### Aim of the exercise
Copy every line of the data that contains the string "freeness".

### Data excerpts
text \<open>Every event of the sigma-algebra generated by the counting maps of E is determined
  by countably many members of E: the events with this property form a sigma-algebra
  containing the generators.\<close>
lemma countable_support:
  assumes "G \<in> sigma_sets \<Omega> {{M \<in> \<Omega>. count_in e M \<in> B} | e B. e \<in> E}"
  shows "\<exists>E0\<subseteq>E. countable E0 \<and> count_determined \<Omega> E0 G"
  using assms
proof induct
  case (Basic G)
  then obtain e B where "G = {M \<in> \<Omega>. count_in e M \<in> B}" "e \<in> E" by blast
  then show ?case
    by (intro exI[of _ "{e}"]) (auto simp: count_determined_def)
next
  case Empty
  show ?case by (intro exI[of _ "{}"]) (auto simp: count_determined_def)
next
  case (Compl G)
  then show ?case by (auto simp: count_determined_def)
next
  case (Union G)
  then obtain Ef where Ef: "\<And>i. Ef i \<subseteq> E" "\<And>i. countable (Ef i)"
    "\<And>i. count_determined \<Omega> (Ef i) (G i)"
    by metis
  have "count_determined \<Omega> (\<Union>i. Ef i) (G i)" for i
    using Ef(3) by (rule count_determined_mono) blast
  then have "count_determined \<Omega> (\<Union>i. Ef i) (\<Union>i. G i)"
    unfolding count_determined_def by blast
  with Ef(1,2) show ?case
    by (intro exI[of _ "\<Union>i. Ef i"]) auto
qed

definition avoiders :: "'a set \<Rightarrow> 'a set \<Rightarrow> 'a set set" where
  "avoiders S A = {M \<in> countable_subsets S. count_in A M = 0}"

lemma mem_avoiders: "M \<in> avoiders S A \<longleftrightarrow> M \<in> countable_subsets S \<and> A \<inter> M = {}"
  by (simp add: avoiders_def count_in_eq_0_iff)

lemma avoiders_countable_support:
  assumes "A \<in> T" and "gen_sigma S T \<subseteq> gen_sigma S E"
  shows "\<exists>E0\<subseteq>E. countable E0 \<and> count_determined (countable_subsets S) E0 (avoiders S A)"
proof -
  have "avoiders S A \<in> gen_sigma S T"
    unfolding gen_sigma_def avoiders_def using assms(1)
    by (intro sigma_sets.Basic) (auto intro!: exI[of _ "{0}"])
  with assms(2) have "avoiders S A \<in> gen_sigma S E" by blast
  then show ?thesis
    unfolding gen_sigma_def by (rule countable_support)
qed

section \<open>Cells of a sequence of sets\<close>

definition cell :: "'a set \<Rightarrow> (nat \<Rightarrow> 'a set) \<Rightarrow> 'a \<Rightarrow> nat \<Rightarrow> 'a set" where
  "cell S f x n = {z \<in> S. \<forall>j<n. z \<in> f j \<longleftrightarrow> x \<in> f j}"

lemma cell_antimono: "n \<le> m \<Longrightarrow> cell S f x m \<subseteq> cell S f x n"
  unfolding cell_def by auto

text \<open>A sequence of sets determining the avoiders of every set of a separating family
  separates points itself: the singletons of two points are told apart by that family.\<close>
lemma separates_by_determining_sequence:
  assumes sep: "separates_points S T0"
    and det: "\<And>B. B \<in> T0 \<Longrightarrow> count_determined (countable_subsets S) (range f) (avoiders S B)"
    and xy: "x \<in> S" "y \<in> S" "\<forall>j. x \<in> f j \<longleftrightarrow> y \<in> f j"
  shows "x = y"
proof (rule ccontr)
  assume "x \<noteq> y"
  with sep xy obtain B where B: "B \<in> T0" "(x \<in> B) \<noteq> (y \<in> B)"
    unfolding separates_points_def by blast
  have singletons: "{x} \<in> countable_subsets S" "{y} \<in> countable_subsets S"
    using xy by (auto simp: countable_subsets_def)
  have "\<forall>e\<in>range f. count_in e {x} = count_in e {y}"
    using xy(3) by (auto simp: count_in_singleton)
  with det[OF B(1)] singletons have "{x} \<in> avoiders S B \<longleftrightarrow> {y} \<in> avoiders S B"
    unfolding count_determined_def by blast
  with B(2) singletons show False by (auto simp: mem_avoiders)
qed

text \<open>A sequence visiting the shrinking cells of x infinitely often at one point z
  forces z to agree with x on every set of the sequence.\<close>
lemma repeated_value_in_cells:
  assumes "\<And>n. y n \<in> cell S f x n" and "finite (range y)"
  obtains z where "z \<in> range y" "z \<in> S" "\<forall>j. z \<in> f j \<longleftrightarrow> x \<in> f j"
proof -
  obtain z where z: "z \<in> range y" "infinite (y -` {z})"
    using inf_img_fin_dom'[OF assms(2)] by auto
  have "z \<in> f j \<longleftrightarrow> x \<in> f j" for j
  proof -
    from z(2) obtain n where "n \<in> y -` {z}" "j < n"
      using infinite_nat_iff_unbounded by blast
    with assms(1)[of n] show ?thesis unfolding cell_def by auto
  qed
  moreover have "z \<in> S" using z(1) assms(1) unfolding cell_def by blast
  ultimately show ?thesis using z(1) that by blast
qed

---

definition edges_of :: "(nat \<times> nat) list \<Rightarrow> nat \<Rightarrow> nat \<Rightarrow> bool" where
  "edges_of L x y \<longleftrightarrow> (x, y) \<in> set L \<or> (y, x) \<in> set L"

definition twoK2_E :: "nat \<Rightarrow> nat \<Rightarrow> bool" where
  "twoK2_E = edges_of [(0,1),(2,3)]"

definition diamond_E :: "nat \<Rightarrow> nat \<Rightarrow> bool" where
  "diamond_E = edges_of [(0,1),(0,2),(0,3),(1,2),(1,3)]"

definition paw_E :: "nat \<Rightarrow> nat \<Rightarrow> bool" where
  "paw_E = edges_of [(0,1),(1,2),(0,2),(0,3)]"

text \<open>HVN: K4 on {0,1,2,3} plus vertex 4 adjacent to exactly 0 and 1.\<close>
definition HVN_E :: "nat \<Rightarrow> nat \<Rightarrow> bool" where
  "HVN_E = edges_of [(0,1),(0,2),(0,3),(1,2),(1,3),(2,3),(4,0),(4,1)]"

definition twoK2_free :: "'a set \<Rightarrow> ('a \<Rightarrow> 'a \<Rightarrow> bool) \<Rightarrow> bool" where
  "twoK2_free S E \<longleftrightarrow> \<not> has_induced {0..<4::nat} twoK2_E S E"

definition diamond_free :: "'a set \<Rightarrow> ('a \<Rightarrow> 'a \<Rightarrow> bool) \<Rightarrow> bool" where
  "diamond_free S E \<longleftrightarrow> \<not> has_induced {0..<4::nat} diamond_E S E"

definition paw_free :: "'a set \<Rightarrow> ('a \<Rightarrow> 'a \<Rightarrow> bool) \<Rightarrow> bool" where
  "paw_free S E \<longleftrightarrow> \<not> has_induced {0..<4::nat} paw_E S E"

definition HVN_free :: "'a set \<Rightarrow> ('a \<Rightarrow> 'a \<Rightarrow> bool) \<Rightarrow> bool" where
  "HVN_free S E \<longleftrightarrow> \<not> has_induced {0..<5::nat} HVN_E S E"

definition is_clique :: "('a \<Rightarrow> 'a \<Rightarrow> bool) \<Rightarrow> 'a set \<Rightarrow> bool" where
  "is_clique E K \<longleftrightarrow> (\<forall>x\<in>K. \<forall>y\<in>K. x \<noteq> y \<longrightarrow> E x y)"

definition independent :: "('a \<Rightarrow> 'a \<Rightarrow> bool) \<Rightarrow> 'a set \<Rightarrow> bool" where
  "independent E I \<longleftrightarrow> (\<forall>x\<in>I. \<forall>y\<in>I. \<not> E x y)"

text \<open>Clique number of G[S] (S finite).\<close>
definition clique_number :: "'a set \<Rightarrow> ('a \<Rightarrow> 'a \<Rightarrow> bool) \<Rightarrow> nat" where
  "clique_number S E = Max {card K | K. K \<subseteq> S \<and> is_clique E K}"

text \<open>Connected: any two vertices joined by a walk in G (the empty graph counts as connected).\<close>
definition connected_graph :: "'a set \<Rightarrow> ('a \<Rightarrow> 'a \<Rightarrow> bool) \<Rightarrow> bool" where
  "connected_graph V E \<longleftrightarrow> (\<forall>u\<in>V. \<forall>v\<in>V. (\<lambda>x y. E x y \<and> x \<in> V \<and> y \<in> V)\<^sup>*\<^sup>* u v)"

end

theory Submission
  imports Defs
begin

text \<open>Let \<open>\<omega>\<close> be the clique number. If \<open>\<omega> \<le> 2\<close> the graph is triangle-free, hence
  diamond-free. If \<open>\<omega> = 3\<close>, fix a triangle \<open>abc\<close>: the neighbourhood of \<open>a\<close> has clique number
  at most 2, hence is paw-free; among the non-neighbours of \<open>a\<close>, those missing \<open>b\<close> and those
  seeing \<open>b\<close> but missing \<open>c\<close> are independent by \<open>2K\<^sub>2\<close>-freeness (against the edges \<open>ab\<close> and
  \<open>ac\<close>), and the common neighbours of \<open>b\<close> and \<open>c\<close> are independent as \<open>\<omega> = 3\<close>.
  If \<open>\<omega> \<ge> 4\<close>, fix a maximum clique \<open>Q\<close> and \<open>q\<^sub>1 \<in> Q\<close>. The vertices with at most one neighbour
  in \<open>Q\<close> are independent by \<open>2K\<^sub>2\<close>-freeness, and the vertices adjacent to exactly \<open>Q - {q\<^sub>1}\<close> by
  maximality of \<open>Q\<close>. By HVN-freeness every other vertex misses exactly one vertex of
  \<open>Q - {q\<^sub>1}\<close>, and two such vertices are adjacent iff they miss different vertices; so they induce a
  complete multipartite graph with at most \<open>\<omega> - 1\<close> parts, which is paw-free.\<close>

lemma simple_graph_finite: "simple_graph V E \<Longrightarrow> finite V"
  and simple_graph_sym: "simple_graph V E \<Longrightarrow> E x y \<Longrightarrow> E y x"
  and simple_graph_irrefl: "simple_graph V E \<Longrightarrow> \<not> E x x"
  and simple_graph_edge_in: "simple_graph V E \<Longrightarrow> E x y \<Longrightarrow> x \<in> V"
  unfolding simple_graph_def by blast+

...

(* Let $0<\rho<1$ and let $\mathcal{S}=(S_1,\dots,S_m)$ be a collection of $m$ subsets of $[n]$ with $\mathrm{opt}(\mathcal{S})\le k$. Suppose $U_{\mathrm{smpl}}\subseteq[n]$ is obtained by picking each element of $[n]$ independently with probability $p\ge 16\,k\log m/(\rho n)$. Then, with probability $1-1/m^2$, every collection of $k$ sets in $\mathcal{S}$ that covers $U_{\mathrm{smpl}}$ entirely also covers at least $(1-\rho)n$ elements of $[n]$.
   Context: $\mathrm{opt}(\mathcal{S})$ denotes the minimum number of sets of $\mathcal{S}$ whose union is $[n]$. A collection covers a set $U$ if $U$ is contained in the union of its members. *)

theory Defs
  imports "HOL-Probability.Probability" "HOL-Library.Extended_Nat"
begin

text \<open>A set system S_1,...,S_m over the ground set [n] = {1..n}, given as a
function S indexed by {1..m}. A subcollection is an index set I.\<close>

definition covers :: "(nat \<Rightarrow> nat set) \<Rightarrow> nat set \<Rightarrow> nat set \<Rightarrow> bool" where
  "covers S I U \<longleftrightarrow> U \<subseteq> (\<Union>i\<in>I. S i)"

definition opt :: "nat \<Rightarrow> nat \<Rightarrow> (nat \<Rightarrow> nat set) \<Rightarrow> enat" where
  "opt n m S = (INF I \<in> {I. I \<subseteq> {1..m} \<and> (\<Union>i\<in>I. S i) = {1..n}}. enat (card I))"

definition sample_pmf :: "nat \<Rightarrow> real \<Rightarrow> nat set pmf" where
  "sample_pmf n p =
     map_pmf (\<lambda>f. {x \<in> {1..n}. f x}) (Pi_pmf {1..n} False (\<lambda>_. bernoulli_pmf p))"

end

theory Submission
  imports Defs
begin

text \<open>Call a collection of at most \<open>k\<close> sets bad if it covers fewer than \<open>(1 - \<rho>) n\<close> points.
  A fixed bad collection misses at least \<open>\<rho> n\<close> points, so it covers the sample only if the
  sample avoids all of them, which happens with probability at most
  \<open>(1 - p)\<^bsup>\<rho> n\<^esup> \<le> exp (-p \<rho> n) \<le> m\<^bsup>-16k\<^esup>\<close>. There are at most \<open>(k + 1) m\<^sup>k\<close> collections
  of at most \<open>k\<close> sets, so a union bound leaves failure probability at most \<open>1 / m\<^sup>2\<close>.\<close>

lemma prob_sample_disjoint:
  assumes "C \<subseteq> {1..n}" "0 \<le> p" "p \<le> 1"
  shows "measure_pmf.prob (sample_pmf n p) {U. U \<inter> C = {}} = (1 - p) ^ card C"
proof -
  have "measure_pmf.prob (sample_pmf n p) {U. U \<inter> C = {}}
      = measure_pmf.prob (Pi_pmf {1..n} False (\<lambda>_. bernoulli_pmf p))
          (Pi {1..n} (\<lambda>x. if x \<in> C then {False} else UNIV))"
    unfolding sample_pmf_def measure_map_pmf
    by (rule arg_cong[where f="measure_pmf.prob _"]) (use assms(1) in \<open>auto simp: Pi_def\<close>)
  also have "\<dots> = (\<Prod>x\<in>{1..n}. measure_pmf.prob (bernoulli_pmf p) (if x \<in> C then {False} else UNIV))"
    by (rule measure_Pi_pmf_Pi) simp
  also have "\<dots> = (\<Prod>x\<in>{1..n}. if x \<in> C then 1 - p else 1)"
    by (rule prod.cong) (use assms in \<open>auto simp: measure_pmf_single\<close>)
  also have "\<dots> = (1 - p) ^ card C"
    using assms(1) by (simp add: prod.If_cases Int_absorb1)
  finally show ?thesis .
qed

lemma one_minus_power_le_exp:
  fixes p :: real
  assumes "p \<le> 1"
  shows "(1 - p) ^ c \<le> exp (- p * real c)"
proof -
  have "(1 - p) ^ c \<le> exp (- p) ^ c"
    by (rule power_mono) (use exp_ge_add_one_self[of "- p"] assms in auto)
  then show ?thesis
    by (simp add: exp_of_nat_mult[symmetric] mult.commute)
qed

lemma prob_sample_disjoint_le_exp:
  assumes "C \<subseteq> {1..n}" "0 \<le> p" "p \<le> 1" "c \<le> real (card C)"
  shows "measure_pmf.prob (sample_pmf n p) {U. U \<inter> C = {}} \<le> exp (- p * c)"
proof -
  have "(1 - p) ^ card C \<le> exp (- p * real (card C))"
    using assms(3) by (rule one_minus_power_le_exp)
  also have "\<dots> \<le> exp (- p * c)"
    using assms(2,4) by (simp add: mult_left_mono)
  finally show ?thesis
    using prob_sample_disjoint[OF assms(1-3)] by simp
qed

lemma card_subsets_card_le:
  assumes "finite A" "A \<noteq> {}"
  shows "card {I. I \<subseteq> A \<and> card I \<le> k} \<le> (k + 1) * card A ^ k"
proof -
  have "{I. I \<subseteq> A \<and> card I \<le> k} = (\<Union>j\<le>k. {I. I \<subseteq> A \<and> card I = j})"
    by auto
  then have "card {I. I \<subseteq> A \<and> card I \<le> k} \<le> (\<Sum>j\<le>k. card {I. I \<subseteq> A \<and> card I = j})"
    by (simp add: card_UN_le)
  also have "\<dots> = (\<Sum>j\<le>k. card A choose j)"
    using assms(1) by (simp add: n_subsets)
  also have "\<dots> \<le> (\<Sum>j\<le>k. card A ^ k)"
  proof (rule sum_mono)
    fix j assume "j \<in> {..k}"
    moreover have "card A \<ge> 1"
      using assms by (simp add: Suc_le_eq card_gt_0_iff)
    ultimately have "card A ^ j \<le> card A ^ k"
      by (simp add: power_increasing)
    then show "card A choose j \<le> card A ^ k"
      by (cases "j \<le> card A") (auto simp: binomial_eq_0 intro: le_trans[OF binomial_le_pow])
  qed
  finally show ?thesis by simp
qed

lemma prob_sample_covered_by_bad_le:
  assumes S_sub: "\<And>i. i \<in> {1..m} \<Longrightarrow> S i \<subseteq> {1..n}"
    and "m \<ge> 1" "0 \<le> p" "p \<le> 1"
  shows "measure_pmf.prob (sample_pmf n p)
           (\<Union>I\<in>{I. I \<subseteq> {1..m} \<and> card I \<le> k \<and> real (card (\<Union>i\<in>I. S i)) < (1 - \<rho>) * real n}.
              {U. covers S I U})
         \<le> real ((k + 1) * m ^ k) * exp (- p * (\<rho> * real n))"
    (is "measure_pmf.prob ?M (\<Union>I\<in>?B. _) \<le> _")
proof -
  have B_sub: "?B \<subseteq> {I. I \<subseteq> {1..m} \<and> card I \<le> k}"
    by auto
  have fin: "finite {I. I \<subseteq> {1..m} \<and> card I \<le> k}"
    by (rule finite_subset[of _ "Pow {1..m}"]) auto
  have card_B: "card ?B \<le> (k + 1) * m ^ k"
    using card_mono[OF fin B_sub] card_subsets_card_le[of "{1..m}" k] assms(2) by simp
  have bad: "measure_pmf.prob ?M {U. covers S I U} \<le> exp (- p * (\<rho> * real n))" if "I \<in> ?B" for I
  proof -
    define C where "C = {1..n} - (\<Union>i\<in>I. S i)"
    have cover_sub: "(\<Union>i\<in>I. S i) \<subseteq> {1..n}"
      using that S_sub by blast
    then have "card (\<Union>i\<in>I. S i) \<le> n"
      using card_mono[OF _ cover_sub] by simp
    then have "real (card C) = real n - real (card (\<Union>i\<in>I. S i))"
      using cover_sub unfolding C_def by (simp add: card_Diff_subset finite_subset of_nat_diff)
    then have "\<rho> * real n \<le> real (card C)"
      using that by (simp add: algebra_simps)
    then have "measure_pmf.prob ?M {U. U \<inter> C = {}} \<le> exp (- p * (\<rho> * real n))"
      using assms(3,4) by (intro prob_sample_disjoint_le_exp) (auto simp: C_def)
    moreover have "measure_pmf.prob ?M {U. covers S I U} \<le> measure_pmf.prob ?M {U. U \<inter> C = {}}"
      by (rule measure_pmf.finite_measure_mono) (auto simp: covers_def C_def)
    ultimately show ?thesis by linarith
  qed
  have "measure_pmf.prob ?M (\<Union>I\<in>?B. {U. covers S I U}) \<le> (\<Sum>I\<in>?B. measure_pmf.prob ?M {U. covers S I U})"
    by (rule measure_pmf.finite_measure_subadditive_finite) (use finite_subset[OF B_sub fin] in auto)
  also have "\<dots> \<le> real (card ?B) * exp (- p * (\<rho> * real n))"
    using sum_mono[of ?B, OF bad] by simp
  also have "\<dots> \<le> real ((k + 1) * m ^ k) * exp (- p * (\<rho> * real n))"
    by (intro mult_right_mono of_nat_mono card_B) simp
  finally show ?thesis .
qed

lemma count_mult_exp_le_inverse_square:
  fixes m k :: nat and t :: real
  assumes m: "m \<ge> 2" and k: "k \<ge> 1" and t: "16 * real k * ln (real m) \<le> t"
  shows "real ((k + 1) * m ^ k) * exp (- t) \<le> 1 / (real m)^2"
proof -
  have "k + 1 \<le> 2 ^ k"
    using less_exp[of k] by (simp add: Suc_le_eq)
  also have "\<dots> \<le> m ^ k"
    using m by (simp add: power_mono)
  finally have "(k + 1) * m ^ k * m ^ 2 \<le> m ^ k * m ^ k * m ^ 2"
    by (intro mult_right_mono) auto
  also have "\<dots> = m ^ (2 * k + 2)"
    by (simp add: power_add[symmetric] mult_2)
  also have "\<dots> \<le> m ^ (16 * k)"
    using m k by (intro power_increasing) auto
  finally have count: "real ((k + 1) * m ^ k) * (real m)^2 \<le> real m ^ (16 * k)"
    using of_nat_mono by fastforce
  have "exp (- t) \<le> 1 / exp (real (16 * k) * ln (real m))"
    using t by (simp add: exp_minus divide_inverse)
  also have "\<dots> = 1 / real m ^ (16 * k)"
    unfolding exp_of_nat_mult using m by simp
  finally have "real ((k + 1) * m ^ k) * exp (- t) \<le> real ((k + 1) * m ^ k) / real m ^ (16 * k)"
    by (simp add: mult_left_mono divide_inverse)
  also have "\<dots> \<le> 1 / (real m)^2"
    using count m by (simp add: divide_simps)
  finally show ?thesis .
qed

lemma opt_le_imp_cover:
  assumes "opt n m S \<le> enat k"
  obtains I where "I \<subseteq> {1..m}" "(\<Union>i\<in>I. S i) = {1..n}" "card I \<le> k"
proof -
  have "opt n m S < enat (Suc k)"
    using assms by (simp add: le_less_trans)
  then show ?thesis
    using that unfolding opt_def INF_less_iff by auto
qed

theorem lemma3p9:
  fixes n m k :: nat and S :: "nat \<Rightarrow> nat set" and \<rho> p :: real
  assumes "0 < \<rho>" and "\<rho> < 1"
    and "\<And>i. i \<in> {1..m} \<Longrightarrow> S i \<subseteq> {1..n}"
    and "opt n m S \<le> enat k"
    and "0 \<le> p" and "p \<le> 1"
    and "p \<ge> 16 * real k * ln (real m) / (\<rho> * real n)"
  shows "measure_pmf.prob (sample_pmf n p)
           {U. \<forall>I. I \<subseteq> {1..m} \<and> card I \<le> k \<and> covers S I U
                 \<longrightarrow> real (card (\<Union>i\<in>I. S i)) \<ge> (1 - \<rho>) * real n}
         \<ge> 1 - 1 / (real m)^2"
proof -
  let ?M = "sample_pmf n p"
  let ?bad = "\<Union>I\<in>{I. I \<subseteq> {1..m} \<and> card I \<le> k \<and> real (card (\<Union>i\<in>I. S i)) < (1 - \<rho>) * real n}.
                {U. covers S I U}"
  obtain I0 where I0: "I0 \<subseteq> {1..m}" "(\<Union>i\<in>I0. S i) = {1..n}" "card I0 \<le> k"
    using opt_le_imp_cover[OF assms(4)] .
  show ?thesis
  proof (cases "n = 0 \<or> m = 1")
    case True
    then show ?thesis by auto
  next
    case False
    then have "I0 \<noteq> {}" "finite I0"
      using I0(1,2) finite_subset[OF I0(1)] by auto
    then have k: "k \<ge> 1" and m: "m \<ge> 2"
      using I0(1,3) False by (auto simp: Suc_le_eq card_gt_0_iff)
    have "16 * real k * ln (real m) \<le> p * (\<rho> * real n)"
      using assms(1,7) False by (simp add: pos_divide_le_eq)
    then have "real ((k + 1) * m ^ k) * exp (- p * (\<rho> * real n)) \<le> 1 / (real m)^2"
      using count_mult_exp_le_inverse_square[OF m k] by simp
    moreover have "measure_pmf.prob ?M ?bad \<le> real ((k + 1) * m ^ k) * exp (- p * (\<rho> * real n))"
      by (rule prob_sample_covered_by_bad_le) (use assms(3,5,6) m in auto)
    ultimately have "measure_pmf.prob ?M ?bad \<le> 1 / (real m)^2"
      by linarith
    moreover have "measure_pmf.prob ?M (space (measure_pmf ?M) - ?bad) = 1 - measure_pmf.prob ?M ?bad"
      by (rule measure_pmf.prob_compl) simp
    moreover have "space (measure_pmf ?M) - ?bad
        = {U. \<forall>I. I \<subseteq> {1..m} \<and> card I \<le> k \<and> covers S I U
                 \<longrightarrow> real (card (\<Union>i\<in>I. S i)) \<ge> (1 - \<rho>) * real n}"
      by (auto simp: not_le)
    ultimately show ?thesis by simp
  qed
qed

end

### Solution to this exercise
  seeing \<open>b\<close> but missing \<open>c\<close> are independent by \<open>2K\<^sub>2\<close>-freeness (against the edges \<open>ab\<close> and
  in \<open>Q\<close> are independent by \<open>2K\<^sub>2\<close>-freeness, and the vertices adjacent to exactly \<open>Q - {q\<^sub>1}\<close> by
  maximality of \<open>Q\<close>. By HVN-freeness every other vertex misses exactly one vertex of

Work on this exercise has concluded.